This app is an example app built using the devour python package. It is meant to serve as a simple example of how devour can help you integrate kafka data streams into your python project.
Devour was designed to make building stream processing workflows with pykafka and kafka as easy as possible. The following will walk through the steps for installing and using the Devour Example App and it's related dependencies.
The most difficult task is setting up a kafka environment locally. For this, we are going to use docker and Spotify's kafka/zookeeper docker container. So we'll do the easy stuff first...
Clone and cd into the root devour-sample-app
folder. Create your virtualenv and install dependencies with:
pip install -r requirements.txt
Whew, so easy!
Now, checkout kafka's quickstart guide for installation instructions.
Visit docker's website and follow instructions for installing and running docker.

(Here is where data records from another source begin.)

definition pos_roots :: "'a::euclidean_space set \<Rightarrow> 'a set \<Rightarrow> 'a set" where
  "pos_roots \<Phi> C = {\<alpha>\<in>\<Phi>. \<forall>e\<in>C. e \<bullet> \<alpha> > 0}"

definition simple_system :: "'a::euclidean_space set \<Rightarrow> 'a set \<Rightarrow> bool" where
  "simple_system \<Phi> S \<longleftrightarrow> S \<subseteq> \<Phi> \<and> independent S \<and>
     (\<forall>\<beta>\<in>\<Phi>. \<exists>c::'a \<Rightarrow> real. \<beta> = (\<Sum>\<alpha>\<in>S. c \<alpha> *\<^sub>R \<alpha>) \<and>
        ((\<forall>\<alpha>\<in>S. c \<alpha> \<ge> 0) \<or> (\<forall>\<alpha>\<in>S. c \<alpha> \<le> 0)))"

text \<open>The unique simple system contained in the positive roots of a chamber.\<close>
definition simple_roots :: "'a::euclidean_space set \<Rightarrow> 'a set \<Rightarrow> 'a set" where
  "simple_roots \<Phi> C = (THE S. simple_system \<Phi> S \<and> S \<subseteq> pos_roots \<Phi> C)"

definition lifts :: "'a::euclidean_space set \<Rightarrow> 'a set \<Rightarrow> 'a set \<Rightarrow> 'a set \<Rightarrow> bool" where
  "lifts \<Phi> \<Psi> C D \<longleftrightarrow> simple_roots \<Psi> D \<subseteq> simple_roots \<Phi> C"

end

theory Submission
  imports Defs
begin

text \<open>
  (ii) Let \<open>J \<subseteq> S\<close> be the simple roots of \<open>D\<close> and \<open>C\<close>. A root of \<open>\<Phi>\<close> in \<open>span J\<close> has its
  \<open>S\<close>-coordinates supported on \<open>J\<close>, hence it is \<open>\<plusminus>\<close> a nonnegative combination of \<open>J\<close>.
  Such a root lies in \<open>\<Psi>\<close>: reflecting it in a suitable \<open>\<alpha> \<in> J\<close> keeps it a nonnegative
  combination of \<open>J\<close> (sign coherence of \<open>S\<close>-coordinates) and lowers its height, and \<open>\<Psi>\<close> is
  stable under reflections in \<open>J\<close>.

  (i) Take \<open>e \<in> D\<close>, a vector \<open>y\<close> orthogonal to \<open>span \<Psi>\<close> but not to any root outside it, and
  \<open>x = t y + e\<close> for large \<open>t\<close>. Then \<open>x\<close> orders roots in \<open>span \<Psi>\<close> like \<open>e\<close> and all others
  like \<open>y\<close>. Writing \<open>\<alpha> \<in> J\<close> as a nonnegative combination of the simple roots of the chamber of
  \<open>x\<close>, applying \<open>y\<close> shows only simple roots in \<open>span \<Psi>\<close> occur; by saturation they are
  \<open>e\<close>-positive roots of \<open>\<Psi>\<close>, hence nonnegative combinations of \<open>J\<close>, and by linear independence
  of \<open>J\<close> one of them is \<open>\<alpha>\<close> itself.
\<close>

lemma refl_self: "\<alpha> \<noteq> 0 \<Longrightarrow> refl \<alpha> \<alpha> = - \<alpha>"
  by (simp add: refl_def algebra_simps scaleR_2)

Once docker is up and running, run the following command to pull in the kafka container:
docker pull spotify/kafka
To fire up a new virtual machine, run the following:
docker-machine start default
Once the machine has started, set up the env within your shell by running the following:
eval $(docker-machine env)
You're now ready to fire up kafka and zookeeper, with the following:
docker run -p 2181:2181 -p 9092:9092 --env ADVERTISED_HOST=`docker-machine ip \`docker-machine active\`` --env ADVERTISED_PORT=9092 spotify/kafka
Next, you'll set up the shell environments for the producer and consumer for Devour Example App. Open two new shell tabs and run the following in both:
eval $(docker-machine env)
export KAFKA=`docker-machine ip \`docker-machine active\``:9092
export ZOOKEEPER=`docker-machine ip \`docker-machine active\``:2181
For the next step, kafka's bin must be in your path. For me, it was located at /usr/local/kafka/bin
Run the following command to create a kafka topic with name test
:
kafka-topics.sh --create --zookeeper $ZOOKEEPER --replication-factor 1 --partitions 1 --topic test
Finally, we can fire up the producer and consumer. Make sure that you are in the root folder of devour-sample-app
in
both of the previously opened tabs.
In one of the tabs, fire up the producer with:
python src/producer.py
And in the other tab, fire up the consumer with:
devour default
Wahoo! Now in the producer tab, you can send simply by typing in your desired message and hitting enter.
For the current DefaultConsumer
, the message must be a json serializable dict with two keys, x and y, that have int
values (Ex. {"x":1, "y":3}
)
You should see the output of the DefaultConsumer
's digest message, which is adding x and y.
When you're ready, take a look at the Devour readme and make changes to the default consumer's settings and digest method to get a better idea of how devour helps implement your kafka setup. Or write your own Devour consumer!